BadgerCare was passed in the wake of the Clinton administration's social service overhaul (when Aid to Families with Dependent Children was replaced by Temporary Assistance for Needy Families) and launched in July 1999. The goal was to provide coverage to families with uninsured children who were transitioning from welfare to the workforce. The program's initial enrollment was 3,400 adolescents, but the total number of individuals covered by BadgerCare increased to 51,172 by November 2000.

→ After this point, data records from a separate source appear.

lemma MHS_snoc: "MHS (I @ [i]) N = (\<Sum>m=1..N. MHS I (m - 1) / real m ^ i)"
proof -
  define l where "l = length I"
  define F where "F S = (\<Prod>k<Suc l. 1 / real (sorted_list_of_set S ! k) ^ ((I @ [i]) ! k))" for S
  have F_insert: "F (insert m T) = (\<Prod>k<l. 1 / real (sorted_list_of_set T ! k) ^ (I ! k)) / real m ^ i"
    if "m \<in> {1..N}" "T \<subseteq> {1..m - 1}" "card T = l" for m T
  proof -
    have fin: "finite T" and less: "\<forall>t\<in>T. t < m" using that finite_subset by fastforce+
    have "F (insert m T) = (\<Prod>k<Suc l. 1 / real ((sorted_list_of_set T @ [m]) ! k) ^ ((I @ [i]) ! k))"
      unfolding F_def using sorted_list_of_set_insert_greater[OF fin less] by simp
    also have "\<dots> = (\<Prod>k<l. 1 / real (sorted_list_of_set T ! k) ^ (I ! k)) * (1 / real m ^ i)"
      using that by (simp add: prod.lessThan_Suc nth_append l_def)
    finally show ?thesis by simp
  qed
  have "MHS (I @ [i]) N = (\<Sum>S\<in>{S. S \<subseteq> {1..N} \<and> card S = Suc l}. F S)"
    unfolding MHS_def F_def l_def by simp
  also have "\<dots> = (\<Sum>m=1..N. \<Sum>T\<in>{T. T \<subseteq> {1..m - 1} \<and> card T = l}. F (insert m T))"
    unfolding subsets_card_Suc_eq
    by (subst sum.reindex[OF inj_on_insert_greater]) (auto simp: sum.Sigma split_def)
  also have "\<dots> = (\<Sum>m=1..N. MHS I (m - 1) / real m ^ i)"
    unfolding MHS_def l_def by (intro sum.cong refl) (simp add: F_insert l_def sum_divide_distrib)
  finally show ?thesis .
qed

lemma Nsym_eq_0_if_less: "n < m \<Longrightarrow> Nsym n m N = 0"
  unfolding Nsym_def by (simp add: compositions_eq_empty)

lemma Nsym_0_right: "Nsym n 0 N = (if n = 0 then 1 else 0)"
  unfolding Nsym_def compositions_0_right by (simp add: MHS_Nil)

lemma Nsym_nonneg: "Nsym n m N \<ge> 0"
  unfolding Nsym_def by (intro sum_nonneg MHS_nonneg)

lemma Nsym_Suc_right:
  "Nsym n (Suc k) N = (\<Sum>m=1..N. \<Sum>i=1..n. Nsym (n - i) k (m - 1) / real m ^ i)"
proof -
  have inj: "inj_on (\<lambda>(i, I). I @ [i]) (SIGMA i:{1..n}. compositions (n - i) k)"
    by (rule inj_onI) auto
  have "Nsym n (Suc k) N = (\<Sum>i=1..n. \<Sum>I\<in>compositions (n - i) k. MHS (I @ [i]) N)"
    unfolding Nsym_def compositions_Suc_right
    by (subst sum.reindex[OF inj]) (simp add: sum.Sigma finite_compositions split_def)
  also have "\<dots> = (\<Sum>i=1..n. \<Sum>m=1..N. \<Sum>I\<in>compositions (n - i) k. MHS I (m - 1) / real m ^ i)"
    unfolding MHS_snoc by (intro sum.cong refl sum.swap)
  also have "\<dots> = (\<Sum>m=1..N. \<Sum>i=1..n. Nsym (n - i) k (m - 1) / real m ^ i)"
    unfolding Nsym_def sum_divide_distrib by (rule sum.swap)
  finally show ?thesis .
qed

section \<open>Nonnegative series\<close>

lemma has_sum_shift: "((\<lambda>i. f (i + a)) has_sum S) UNIV \<longleftrightarrow> (f has_sum S) {a::nat..}"
proof -
  have "bij_betw (\<lambda>i::nat. i + a) UNIV {a..}"
    by (rule bij_betwI[of _ _ _ "\<lambda>j. j - a"]) auto
  from has_sum_reindex_bij_betw[OF this, of f S] show ?thesis .
qed

lemma has_sum_telescope_nonneg:
  fixes f :: "nat \<Rightarrow> real"
  assumes "f \<longlonglongrightarrow> 0" and "\<And>n. f (Suc n) \<le> f n"
  shows "((\<lambda>n. f n - f (Suc n)) has_sum f 0) UNIV"
proof -
  have "(\<lambda>n. f n - f (Suc n)) sums f 0" using telescope_sums'[OF assms(1)] by simp
  thus ?thesis by (rule sums_nonneg_imp_has_sum) (simp add: assms(2))
qed

lemma has_sum_swap_nonneg:
  fixes f :: "'a \<Rightarrow> 'b \<Rightarrow> real"
  assumes nonneg: "\<And>a b. a \<in> A \<Longrightarrow> b \<in> B a \<Longrightarrow> 0 \<le> f a b"
    and rows: "\<And>a. a \<in> A \<Longrightarrow> ((\<lambda>b. f a b) has_sum g a) (B a)"
    and total: "(g has_sum S) A"
    and domain: "\<And>a b. a \<in> A \<and> b \<in> B a \<longleftrightarrow> b \<in> C \<and> a \<in> D b"
  shows "((\<lambda>b. \<Sum>\<^sub>\<infinity>a\<in>D b. f a b) has_sum S) C"
proof -
  define F where "F = (\<lambda>(a, b). f a b)"
  have rows': "((\<lambda>b. F (a, b)) has_sum g a) (B a)" if "a \<in> A" for a
    using rows[OF that] by (simp add: F_def)
  have summable: "F summable_on Sigma A B"
    using total nonneg by (intro summable_on_SigmaI[where g=g, OF rows']) (auto simp: F_def summable_on_def)
  have "(F has_sum S) (Sigma A B)"
    by (rule has_sum_SigmaI[where g=g, OF rows' total summable])
  moreover have bij: "bij_betw (\<lambda>(b, a). (a, b)) (Sigma C D) (Sigma A B)"
    by (rule bij_betwI[of _ _ _ "\<lambda>(a, b). (b, a)"]) (use domain in auto)
  ultimately have swapped: "((\<lambda>(b, a). f a b) has_sum S) (Sigma C D)"
    using has_sum_reindex_bij_betw[OF bij, of F S] by (simp add: F_def split_def)
  have "(\<lambda>(b, a). (\<lambda>b a. f a b) b a) summable_on Sigma C D"
    using swapped by (auto simp: summable_on_def)
  from summable_on_SigmaD1[OF this]
  have "(\<lambda>a. f a b) summable_on D b" if "b \<in> C" for b
    using that by auto
  thus ?thesis
    by (intro has_sum_SigmaD[OF swapped]) auto
qed

lemma has_sum_swap_nonneg':
  fixes f :: "'a \<Rightarrow> 'b \<Rightarrow> real"
  assumes "\<And>a b. a \<in> A \<Longrightarrow> b \<in> B a \<Longrightarrow> 0 \<le> f a b"
    and "\<And>a. a \<in> A \<Longrightarrow> ((\<lambda>b. f a b) has_sum g a) (B a)"
    and "(g has_sum S) A"
    and "\<And>a b. a \<in> A \<and> b \<in> B a \<longleftrightarrow> b \<in> C \<and> a \<in> D b"
    and columns: "\<And>b. b \<in> C \<Longrightarrow> ((\<lambda>a. f a b) has_sum h b) (D b)"
  shows "(h has_sum S) C"
proof -
  have "((\<lambda>b. \<Sum>\<^sub>\<infinity>a\<in>D b. f a b) has_sum S) C"
    by (rule has_sum_swap_nonneg[OF assms(1-4)])
  thus ?thesis
    by (rule has_sum_cong[THEN iffD1, rotated]) (simp add: columns infsumI)
qed

lemma has_sum_weight_tail:
  "((\<lambda>N. 1 / ((real N + 1) * (real N + 2))) has_sum 1 / (real a + 1)) {a..}"
proof -
  define f where "f i = 1 / (real (i + a) + 1)" for i
  have "f \<longlonglongrightarrow> 0" unfolding f_def by real_asymp
  moreover have "f (Suc i) \<le> f i" for i unfolding f_def by (simp add: frac_le)
  ultimately have "((\<lambda>i. f i - f (Suc i)) has_sum f 0) UNIV"
    by (rule has_sum_telescope_nonneg)
  moreover have "f i - f (Suc i) = 1 / ((real (i + a) + 1) * (real (i + a) + 2))" for i
    unfolding f_def by (simp add: field_simps)
  ultimately show ?thesis
    by (simp add: f_def flip: has_sum_shift)
qed

lemma zeta_nat_has_sum: "2 \<le> s \<Longrightarrow> ((\<lambda>p. 1 / real p ^ s) has_sum zeta_nat s) {1..}"
proof -
  assume "2 \<le> s"
  hence "summable (\<lambda>n. inverse (real (n + 1) ^ s))"
    by (subst summable_iff_shift) (rule inverse_power_summable)
  hence "(\<lambda>k. 1 / real (k + 1) ^ s) sums zeta_nat s"
    unfolding zeta_nat_def by (simp add: field_simps summable_sums)
  hence "((\<lambda>k. 1 / real (k + 1) ^ s) has_sum zeta_nat s) UNIV"
    by (rule sums_nonneg_imp_has_sum) simp
  thus ?thesis by (simp flip: has_sum_shift)
qed

section \<open>Power series\<close>

lemma powser_sums_shift:
  fixes a :: "nat \<Rightarrow> real"
  assumes "(\<lambda>h. a h * y ^ h) sums S"
  shows "(\<lambda>h. (if h = 0 then 0 else a (h - 1)) * y ^ h) sums (y * S)"
proof -
  have "(\<lambda>h. y * (a h * y ^ h)) sums (y * S)" by (rule sums_mult[OF assms])
  hence "(\<lambda>h. (\<lambda>h. (if h = 0 then 0 else a (h - 1)) * y ^ h) (Suc h)) sums (y * S)"
    by (simp add: mult_ac)
  thus ?thesis by (subst (asm) sums_Suc_iff) simp
qed

lemma powser_coeff_0_eq_0:
  fixes d :: "nat \<Rightarrow> real"
  assumes "0 < \<delta>" and "summable (\<lambda>h. d h * \<delta> ^ h)"
    and vanish: "\<And>y. 0 < y \<Longrightarrow> y < \<delta> \<Longrightarrow> (\<lambda>h. d h * y ^ h) sums 0"
  shows "d 0 = 0"
proof -
  define F where "F z = (\<Sum>h. d h * z ^ h)" for z :: real
  have "(F \<longlongrightarrow> d 0) (at 0)"
  proof (rule powser_limit_0[OF \<open>0 < \<delta>\<close>])
    fix z :: real assume "norm z < \<delta>"
    hence "summable (\<lambda>h. d h * z ^ h)" using powser_inside[OF assms(2), of z] assms(1) by simp
    thus "(\<lambda>h. d h * z ^ h) sums F z" unfolding F_def by (rule summable_sums)
  qed
  hence "(F \<longlongrightarrow> d 0) (at_right 0)" by (rule tendsto_within_subset) simp
  moreover have "eventually (\<lambda>y. F y = 0) (at_right 0)"
    using eventually_at_right_real[OF \<open>0 < \<delta>\<close>]
    by (rule eventually_mono) (auto simp: F_def intro: sums_unique[symmetric] vanish)
  hence "(F \<longlongrightarrow> 0) (at_right 0)" by (rule tendsto_eventually)
  ultimately show ?thesis by (rule tendsto_unique[rotated]) simp
qed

Under the original conditions of BadgerCare, families could enroll if their net incomes were up to 185% of the federal poverty level (about $31,000 for a family of four in 2000) and could remain on BadgerCare as long as their incomes did not exceed 200% of the federal poverty level. Unlike Medicaid, a family applying for BadgerCare did not have to pass any sort of "asset test" to qualify.

== Doyle administration (2003-2011) ==
In 2006, the Democratic-controlled Wisconsin Senate passed a bill nicknamed the "Healthy Wisconsin proposal" that would have created a near-universal health care system in Wisconsin similar to the Massachusetts health care reform of 2006 implemented by then-governor Mitt Romney. Like the Massachusetts plan and the Affordable Care Act, the Healthy Wisconsin proposal would have mandated insurance coverage for any individual not on Medicare or BadgerCare. The proposed plan would not cover dental or eye care, long-term care, nor unnecessary cosmetic surgery. The plan was to have been paid for by a $15 billion payroll tax, making it incredibly unpopular among the Republican-controlled Wisconsin Assembly, and Democratic governor Jim Doyle.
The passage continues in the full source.